Records from a dataset =
════════════════════

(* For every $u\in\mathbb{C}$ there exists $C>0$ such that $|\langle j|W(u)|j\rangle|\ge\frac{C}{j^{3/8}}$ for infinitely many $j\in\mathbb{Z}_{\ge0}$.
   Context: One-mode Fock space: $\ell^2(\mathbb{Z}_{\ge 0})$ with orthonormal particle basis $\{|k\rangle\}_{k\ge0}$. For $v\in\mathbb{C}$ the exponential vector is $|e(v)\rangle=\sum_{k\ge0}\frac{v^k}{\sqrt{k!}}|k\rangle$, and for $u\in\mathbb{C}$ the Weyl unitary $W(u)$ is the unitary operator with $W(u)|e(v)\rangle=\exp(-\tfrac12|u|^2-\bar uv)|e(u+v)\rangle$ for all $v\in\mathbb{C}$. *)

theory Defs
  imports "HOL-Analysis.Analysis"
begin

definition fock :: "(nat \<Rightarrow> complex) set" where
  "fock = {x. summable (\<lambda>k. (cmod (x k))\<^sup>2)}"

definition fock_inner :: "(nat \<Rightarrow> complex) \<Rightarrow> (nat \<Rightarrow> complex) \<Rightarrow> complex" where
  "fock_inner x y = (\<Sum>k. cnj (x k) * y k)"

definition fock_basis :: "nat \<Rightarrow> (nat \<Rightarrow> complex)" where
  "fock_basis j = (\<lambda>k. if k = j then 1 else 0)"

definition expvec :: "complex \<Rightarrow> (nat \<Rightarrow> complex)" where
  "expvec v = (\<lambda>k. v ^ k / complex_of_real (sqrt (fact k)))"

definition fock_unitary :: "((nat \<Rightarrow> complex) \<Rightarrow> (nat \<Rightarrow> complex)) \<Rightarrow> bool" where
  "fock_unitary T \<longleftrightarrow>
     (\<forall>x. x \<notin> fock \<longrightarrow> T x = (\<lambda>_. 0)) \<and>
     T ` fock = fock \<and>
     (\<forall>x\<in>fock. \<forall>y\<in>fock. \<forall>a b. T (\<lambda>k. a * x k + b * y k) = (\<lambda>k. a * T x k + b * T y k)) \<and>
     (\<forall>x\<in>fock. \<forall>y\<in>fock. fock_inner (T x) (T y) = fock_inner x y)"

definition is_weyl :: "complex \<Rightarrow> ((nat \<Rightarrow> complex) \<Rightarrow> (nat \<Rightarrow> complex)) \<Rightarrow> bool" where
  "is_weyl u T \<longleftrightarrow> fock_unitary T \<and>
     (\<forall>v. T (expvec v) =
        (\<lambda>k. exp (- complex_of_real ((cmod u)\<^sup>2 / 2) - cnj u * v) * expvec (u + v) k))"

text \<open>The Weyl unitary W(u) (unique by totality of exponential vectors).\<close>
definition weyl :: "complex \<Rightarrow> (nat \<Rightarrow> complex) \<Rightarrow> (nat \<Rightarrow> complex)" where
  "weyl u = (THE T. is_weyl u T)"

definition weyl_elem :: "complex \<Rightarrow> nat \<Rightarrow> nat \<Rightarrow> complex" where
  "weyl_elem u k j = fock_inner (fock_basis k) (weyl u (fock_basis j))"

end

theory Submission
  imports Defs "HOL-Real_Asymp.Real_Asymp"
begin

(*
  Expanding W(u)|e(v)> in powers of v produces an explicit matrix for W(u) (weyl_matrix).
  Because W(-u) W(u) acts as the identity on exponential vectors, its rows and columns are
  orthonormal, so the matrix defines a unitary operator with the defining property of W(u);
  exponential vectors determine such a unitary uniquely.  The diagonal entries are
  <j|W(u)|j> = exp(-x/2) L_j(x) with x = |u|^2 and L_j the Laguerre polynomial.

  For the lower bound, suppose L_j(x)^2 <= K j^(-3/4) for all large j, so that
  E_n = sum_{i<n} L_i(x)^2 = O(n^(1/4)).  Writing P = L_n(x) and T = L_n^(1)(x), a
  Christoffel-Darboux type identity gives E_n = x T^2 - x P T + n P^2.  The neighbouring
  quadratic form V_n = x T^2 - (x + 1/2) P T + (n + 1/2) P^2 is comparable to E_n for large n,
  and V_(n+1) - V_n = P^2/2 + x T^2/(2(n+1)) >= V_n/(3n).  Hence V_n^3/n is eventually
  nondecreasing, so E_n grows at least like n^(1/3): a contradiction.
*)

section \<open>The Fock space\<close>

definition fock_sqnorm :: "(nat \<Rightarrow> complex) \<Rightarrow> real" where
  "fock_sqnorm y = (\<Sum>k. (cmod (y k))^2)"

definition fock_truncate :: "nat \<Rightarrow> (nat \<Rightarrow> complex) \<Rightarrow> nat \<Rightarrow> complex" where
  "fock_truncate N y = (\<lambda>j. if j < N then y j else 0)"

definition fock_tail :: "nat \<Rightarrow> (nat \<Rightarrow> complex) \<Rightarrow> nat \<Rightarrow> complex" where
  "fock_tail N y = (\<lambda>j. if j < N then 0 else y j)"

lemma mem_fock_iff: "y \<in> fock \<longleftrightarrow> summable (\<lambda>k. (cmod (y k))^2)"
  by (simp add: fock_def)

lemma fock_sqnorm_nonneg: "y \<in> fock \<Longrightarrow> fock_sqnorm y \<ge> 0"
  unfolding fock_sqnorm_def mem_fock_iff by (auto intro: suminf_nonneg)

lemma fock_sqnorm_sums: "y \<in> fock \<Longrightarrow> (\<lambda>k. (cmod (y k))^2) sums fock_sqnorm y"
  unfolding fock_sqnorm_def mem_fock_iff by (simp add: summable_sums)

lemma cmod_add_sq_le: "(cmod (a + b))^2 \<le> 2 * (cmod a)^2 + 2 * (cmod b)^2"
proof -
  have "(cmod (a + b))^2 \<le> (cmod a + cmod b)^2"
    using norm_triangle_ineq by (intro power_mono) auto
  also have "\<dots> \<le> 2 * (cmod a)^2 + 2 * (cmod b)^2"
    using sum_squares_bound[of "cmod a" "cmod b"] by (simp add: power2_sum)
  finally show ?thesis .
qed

════════════════════

WHAT THE EXERCISE ASKS = Within the data above, how many lines contain "simp"? Respond with the tally alone.

PROBLEM SOLUTION = 3